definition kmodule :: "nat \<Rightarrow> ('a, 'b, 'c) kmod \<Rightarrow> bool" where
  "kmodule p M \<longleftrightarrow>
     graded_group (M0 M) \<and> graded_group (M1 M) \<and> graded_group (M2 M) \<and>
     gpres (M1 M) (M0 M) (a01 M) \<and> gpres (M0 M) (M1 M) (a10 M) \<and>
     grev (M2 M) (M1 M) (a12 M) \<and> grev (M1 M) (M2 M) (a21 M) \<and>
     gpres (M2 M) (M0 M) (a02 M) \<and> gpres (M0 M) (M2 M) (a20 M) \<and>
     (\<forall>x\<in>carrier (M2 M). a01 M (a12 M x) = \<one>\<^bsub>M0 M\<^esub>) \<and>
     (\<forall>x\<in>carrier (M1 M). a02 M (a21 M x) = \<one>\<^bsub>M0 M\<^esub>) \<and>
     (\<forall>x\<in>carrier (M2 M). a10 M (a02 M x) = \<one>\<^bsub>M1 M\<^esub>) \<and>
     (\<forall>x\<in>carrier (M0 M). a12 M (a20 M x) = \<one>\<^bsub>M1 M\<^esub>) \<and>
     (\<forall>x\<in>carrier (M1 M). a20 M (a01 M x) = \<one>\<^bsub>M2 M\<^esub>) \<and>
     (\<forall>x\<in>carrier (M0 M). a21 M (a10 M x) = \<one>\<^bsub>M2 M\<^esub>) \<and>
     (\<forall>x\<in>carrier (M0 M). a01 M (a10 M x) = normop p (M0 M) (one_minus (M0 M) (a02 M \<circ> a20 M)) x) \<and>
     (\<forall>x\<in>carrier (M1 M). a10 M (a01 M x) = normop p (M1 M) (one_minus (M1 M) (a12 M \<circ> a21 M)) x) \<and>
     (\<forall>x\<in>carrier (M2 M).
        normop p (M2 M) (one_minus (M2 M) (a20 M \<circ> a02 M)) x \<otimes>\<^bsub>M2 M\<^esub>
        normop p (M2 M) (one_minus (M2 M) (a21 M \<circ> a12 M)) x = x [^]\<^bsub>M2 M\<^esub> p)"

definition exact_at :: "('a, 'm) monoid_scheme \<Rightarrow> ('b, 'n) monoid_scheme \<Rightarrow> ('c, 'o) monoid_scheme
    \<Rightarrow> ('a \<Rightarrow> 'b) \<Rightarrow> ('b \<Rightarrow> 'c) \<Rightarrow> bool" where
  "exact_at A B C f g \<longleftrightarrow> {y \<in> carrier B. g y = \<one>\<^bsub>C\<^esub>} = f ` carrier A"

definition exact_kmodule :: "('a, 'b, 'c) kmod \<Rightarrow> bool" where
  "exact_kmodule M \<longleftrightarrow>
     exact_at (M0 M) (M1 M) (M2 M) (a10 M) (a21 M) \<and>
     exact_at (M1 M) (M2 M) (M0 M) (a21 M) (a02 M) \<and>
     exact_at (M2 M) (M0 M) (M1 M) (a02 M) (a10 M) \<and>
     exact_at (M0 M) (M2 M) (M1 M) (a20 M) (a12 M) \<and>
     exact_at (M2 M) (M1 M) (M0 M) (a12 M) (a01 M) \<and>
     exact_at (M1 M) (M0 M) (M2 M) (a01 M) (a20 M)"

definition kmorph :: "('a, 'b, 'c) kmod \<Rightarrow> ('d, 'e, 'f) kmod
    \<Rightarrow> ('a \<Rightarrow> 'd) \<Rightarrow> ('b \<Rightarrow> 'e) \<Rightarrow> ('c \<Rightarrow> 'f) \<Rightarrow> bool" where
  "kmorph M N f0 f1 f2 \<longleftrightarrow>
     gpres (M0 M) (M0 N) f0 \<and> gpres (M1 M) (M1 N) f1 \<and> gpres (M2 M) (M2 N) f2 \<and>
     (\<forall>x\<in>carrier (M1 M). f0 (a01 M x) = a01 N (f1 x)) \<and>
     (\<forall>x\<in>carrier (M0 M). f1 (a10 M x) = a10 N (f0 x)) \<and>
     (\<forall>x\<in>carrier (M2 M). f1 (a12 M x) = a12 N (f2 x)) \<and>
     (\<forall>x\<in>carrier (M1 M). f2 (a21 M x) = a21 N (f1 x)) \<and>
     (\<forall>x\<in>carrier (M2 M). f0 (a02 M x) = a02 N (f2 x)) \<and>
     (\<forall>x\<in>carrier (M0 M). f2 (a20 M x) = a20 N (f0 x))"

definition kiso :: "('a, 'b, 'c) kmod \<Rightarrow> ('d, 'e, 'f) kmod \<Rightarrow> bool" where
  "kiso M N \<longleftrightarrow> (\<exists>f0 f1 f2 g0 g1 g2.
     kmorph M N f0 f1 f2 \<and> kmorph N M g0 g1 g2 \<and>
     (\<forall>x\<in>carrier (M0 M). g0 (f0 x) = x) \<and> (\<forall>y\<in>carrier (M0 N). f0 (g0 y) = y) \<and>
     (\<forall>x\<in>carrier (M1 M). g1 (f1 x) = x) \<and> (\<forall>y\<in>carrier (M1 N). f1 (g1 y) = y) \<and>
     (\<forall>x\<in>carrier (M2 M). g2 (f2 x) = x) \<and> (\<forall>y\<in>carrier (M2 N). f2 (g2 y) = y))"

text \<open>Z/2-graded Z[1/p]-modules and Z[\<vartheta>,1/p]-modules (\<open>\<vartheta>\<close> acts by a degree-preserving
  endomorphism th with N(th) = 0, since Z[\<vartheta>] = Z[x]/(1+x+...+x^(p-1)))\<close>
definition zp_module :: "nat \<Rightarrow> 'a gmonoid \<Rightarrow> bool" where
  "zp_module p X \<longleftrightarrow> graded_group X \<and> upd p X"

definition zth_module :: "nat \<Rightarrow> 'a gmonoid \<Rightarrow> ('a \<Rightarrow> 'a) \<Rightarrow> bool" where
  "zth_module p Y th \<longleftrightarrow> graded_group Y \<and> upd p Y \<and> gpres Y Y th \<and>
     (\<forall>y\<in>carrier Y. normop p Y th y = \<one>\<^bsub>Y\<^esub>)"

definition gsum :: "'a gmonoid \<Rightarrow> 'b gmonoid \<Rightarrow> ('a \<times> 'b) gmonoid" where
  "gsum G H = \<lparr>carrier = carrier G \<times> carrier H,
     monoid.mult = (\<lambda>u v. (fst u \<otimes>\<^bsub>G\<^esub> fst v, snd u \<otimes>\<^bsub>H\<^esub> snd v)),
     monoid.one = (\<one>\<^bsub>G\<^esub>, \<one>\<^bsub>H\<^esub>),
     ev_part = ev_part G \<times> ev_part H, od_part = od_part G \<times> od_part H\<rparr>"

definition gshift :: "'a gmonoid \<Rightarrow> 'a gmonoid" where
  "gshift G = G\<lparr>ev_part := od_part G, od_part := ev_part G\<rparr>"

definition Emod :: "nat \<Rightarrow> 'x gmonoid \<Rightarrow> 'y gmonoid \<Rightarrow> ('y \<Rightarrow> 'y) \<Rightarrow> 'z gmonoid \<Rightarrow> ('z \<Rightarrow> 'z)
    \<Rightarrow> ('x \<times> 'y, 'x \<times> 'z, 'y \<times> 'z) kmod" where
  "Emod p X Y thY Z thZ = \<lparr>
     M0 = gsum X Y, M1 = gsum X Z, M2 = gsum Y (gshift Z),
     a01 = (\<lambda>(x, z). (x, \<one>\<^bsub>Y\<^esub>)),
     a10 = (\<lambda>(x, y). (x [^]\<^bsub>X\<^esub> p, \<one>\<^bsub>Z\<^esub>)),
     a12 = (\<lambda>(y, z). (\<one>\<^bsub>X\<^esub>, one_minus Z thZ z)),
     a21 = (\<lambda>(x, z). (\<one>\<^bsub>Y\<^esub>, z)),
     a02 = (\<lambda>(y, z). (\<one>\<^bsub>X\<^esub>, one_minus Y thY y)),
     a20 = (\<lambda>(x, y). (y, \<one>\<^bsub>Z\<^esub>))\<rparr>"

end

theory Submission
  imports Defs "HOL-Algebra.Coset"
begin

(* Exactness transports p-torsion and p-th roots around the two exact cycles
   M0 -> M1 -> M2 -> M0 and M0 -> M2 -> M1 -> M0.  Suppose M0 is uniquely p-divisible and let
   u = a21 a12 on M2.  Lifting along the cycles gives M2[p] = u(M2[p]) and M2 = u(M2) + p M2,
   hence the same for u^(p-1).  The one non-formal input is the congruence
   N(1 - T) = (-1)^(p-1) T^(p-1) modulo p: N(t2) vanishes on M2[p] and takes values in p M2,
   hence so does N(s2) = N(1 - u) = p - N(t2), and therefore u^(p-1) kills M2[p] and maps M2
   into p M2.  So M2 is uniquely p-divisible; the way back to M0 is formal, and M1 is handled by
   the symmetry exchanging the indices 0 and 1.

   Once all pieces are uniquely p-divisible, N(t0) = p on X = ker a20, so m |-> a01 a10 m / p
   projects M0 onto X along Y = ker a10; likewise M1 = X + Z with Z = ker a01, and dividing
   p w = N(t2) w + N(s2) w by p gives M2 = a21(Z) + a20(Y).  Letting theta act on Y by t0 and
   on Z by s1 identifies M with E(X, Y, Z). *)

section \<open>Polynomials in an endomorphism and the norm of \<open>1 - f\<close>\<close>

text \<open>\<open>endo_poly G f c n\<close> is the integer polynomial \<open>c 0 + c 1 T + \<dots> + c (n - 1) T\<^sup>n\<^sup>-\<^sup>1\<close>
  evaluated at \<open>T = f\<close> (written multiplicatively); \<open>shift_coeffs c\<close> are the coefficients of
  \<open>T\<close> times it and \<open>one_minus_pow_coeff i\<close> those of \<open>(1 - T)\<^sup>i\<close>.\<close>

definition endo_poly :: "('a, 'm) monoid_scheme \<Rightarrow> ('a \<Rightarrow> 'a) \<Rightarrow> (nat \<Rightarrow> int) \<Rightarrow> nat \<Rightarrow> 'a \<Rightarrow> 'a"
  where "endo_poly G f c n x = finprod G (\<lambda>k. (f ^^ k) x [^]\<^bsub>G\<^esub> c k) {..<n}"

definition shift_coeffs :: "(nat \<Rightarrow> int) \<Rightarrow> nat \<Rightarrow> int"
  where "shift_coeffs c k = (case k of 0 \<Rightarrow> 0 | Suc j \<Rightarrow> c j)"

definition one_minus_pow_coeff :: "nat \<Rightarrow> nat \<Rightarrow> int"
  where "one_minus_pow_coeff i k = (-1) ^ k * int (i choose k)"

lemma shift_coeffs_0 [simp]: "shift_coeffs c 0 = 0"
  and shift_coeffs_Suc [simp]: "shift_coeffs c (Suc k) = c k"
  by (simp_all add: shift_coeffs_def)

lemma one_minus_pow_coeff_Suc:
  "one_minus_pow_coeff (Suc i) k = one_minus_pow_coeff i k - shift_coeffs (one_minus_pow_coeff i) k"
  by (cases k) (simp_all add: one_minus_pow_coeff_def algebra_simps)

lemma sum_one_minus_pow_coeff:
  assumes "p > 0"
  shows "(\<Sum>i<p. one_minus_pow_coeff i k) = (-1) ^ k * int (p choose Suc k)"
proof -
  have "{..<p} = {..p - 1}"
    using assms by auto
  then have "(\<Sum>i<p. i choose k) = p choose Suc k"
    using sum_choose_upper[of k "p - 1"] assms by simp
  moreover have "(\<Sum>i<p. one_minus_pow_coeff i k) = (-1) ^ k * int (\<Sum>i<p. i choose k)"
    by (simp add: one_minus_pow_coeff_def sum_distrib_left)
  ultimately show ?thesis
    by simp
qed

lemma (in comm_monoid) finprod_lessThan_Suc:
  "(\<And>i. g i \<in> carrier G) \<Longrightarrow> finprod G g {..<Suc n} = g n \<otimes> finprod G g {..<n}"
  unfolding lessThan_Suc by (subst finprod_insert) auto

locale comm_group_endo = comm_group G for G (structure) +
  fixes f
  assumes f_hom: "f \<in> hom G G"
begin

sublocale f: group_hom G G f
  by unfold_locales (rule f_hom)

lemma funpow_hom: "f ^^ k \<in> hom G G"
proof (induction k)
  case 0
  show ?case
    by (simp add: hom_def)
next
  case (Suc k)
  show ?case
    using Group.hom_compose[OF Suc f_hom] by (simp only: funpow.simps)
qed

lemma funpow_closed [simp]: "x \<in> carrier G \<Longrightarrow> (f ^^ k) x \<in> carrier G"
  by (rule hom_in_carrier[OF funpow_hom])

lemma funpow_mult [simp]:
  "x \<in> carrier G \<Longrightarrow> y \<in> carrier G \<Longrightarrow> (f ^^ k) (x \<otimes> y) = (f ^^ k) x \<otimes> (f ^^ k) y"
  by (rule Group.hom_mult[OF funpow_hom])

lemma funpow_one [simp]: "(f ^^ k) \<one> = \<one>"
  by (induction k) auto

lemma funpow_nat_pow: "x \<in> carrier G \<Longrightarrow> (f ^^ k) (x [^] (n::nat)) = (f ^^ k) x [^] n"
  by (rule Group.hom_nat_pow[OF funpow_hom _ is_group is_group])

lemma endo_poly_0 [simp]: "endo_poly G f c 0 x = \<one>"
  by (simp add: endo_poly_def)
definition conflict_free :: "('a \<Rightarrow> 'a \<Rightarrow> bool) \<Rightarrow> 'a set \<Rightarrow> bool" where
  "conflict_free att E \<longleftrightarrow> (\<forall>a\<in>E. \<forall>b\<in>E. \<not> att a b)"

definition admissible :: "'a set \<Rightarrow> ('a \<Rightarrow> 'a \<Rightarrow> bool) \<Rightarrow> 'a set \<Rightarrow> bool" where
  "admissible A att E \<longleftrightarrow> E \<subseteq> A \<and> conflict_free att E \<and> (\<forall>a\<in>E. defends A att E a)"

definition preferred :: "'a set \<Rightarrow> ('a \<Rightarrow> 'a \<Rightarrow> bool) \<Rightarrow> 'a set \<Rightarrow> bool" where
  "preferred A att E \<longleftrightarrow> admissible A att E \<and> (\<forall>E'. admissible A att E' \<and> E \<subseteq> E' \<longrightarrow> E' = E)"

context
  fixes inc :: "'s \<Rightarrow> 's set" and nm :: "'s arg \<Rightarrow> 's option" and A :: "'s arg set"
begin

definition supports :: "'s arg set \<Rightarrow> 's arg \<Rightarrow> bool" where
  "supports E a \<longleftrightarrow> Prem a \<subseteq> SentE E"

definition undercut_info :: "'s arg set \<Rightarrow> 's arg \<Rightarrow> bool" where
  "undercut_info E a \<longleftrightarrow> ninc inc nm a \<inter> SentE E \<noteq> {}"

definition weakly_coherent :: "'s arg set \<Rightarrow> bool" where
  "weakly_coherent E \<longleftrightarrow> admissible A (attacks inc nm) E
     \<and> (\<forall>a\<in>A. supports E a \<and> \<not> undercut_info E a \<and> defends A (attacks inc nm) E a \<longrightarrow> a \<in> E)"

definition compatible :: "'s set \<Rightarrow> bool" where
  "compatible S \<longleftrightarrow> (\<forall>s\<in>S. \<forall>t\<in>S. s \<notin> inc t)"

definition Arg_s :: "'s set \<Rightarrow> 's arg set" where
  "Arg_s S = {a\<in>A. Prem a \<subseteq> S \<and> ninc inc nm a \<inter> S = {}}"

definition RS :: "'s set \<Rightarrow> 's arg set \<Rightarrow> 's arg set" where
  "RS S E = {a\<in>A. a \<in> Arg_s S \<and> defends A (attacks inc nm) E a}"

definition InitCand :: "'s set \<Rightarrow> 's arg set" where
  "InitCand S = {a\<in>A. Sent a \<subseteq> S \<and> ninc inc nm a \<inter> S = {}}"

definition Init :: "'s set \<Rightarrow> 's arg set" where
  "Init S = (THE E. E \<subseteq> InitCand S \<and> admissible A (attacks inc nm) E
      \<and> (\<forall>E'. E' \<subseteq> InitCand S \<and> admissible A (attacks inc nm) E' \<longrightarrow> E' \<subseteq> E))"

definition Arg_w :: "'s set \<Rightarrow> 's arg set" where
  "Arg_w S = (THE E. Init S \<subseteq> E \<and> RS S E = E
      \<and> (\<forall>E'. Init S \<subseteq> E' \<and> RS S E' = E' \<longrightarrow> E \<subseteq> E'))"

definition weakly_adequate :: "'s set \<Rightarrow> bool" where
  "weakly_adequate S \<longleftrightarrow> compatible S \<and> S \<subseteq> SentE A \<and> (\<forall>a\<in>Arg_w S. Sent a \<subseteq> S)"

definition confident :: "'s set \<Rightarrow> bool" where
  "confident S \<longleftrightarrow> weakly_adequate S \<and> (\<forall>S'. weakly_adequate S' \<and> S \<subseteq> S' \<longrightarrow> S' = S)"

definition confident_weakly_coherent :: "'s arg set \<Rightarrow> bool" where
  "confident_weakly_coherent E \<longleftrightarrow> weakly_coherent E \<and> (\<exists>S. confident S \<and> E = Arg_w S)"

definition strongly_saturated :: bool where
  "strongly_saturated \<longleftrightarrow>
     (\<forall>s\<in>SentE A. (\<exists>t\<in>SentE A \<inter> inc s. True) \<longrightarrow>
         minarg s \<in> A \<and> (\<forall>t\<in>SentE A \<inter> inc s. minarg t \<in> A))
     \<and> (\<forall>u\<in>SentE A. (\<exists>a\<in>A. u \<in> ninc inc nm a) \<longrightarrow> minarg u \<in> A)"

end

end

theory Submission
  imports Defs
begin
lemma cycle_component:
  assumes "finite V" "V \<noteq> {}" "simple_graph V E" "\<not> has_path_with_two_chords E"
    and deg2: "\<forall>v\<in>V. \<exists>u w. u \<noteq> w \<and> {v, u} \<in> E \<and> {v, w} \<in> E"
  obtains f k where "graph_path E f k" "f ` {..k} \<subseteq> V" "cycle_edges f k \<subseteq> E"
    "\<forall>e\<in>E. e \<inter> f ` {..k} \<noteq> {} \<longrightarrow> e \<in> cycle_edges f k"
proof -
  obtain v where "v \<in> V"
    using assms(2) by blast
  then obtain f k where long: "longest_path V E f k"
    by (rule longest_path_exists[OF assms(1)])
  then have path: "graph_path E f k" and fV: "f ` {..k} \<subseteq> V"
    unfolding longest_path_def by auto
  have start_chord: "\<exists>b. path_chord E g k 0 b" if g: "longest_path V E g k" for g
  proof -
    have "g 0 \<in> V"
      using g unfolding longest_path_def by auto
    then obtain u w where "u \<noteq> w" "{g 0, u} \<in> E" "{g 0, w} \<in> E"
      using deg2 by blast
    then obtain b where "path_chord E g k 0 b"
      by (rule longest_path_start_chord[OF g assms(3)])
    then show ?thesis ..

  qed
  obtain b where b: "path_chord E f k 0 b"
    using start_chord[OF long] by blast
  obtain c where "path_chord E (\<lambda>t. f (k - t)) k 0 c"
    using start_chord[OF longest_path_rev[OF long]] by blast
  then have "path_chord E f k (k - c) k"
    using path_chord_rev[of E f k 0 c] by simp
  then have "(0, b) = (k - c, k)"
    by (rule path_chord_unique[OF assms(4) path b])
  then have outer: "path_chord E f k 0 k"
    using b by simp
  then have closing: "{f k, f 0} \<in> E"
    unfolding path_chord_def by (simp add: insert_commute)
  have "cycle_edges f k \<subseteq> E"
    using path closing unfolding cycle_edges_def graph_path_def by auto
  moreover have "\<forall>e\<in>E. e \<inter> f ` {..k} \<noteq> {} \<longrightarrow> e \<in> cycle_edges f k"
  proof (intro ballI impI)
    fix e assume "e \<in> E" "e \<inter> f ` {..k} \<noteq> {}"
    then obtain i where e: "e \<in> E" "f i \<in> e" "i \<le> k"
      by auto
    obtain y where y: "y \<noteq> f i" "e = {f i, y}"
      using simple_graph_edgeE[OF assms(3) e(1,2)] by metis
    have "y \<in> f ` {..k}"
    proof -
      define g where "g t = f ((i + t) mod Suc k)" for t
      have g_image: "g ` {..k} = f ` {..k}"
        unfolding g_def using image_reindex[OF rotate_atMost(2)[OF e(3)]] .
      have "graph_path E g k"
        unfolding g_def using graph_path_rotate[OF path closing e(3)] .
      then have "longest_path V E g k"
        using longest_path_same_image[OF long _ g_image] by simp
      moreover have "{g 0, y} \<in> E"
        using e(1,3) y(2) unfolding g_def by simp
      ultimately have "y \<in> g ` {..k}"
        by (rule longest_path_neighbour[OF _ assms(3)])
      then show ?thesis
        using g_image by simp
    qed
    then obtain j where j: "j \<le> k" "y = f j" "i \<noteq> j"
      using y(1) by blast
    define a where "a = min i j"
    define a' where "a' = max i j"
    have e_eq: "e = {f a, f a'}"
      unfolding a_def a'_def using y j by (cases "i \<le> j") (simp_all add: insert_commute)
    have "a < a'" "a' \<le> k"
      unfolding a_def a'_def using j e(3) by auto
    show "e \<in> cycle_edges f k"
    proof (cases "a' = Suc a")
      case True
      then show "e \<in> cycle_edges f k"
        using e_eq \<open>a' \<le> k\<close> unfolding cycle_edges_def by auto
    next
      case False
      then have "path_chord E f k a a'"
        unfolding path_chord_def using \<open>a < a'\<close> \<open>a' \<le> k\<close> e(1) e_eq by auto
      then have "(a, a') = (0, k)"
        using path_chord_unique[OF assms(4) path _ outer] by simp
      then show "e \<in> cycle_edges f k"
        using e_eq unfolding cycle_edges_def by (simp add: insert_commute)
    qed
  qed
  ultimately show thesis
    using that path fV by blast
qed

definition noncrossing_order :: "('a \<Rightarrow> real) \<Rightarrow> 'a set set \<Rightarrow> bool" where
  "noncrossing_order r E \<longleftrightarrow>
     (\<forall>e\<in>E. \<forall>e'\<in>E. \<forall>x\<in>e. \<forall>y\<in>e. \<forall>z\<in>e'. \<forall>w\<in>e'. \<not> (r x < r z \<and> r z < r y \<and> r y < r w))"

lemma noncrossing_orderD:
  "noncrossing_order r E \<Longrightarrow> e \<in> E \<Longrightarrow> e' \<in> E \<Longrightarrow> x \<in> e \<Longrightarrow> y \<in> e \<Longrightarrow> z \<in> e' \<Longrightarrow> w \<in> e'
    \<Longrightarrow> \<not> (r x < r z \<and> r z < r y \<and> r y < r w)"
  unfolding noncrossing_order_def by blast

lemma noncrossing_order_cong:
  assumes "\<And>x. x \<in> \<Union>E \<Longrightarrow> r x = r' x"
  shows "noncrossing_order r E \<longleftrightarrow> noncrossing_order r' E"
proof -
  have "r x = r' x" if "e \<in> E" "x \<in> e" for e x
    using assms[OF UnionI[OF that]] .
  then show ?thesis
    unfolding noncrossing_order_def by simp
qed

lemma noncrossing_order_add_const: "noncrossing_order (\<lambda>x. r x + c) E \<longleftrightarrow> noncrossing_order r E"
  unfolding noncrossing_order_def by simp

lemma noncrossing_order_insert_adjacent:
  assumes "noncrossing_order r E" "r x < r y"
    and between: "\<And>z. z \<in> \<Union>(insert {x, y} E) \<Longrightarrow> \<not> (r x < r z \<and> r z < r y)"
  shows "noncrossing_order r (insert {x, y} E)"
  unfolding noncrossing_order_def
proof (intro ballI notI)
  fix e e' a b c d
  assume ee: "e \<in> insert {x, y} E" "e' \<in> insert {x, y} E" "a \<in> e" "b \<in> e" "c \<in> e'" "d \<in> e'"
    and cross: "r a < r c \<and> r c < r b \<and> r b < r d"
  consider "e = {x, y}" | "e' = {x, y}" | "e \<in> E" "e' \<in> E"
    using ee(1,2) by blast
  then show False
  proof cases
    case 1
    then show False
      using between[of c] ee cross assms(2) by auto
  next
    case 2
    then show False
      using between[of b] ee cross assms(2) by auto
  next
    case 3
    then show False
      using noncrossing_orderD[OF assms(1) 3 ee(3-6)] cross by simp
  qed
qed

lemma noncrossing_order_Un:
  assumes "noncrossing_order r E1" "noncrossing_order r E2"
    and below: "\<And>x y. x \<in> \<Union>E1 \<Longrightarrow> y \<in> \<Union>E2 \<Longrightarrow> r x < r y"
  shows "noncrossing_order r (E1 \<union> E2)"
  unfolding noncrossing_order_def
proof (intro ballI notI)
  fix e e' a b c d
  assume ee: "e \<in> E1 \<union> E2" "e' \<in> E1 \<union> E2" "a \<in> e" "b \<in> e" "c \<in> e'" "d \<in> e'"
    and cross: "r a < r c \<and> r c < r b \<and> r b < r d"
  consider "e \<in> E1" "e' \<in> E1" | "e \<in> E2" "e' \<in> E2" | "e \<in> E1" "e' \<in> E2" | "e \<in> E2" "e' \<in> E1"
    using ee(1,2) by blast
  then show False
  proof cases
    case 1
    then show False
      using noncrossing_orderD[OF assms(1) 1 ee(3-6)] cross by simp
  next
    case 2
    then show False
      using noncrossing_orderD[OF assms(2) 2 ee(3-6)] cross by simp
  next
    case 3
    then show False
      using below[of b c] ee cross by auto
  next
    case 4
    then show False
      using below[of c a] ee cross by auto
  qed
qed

= = = = = = =

**WHAT IS BEING ASKED**
If a line of the data holds the string "blast", list it.

**RESULT**
    using assms(2) by blast
      using deg2 by blast
    using start_chord[OF long] by blast
    using start_chord[OF longest_path_rev[OF long]] by blast
      using y(1) by blast
    using that path fV by blast
  unfolding noncrossing_order_def by blast
    using ee(1,2) by blast
    using ee(1,2) by blast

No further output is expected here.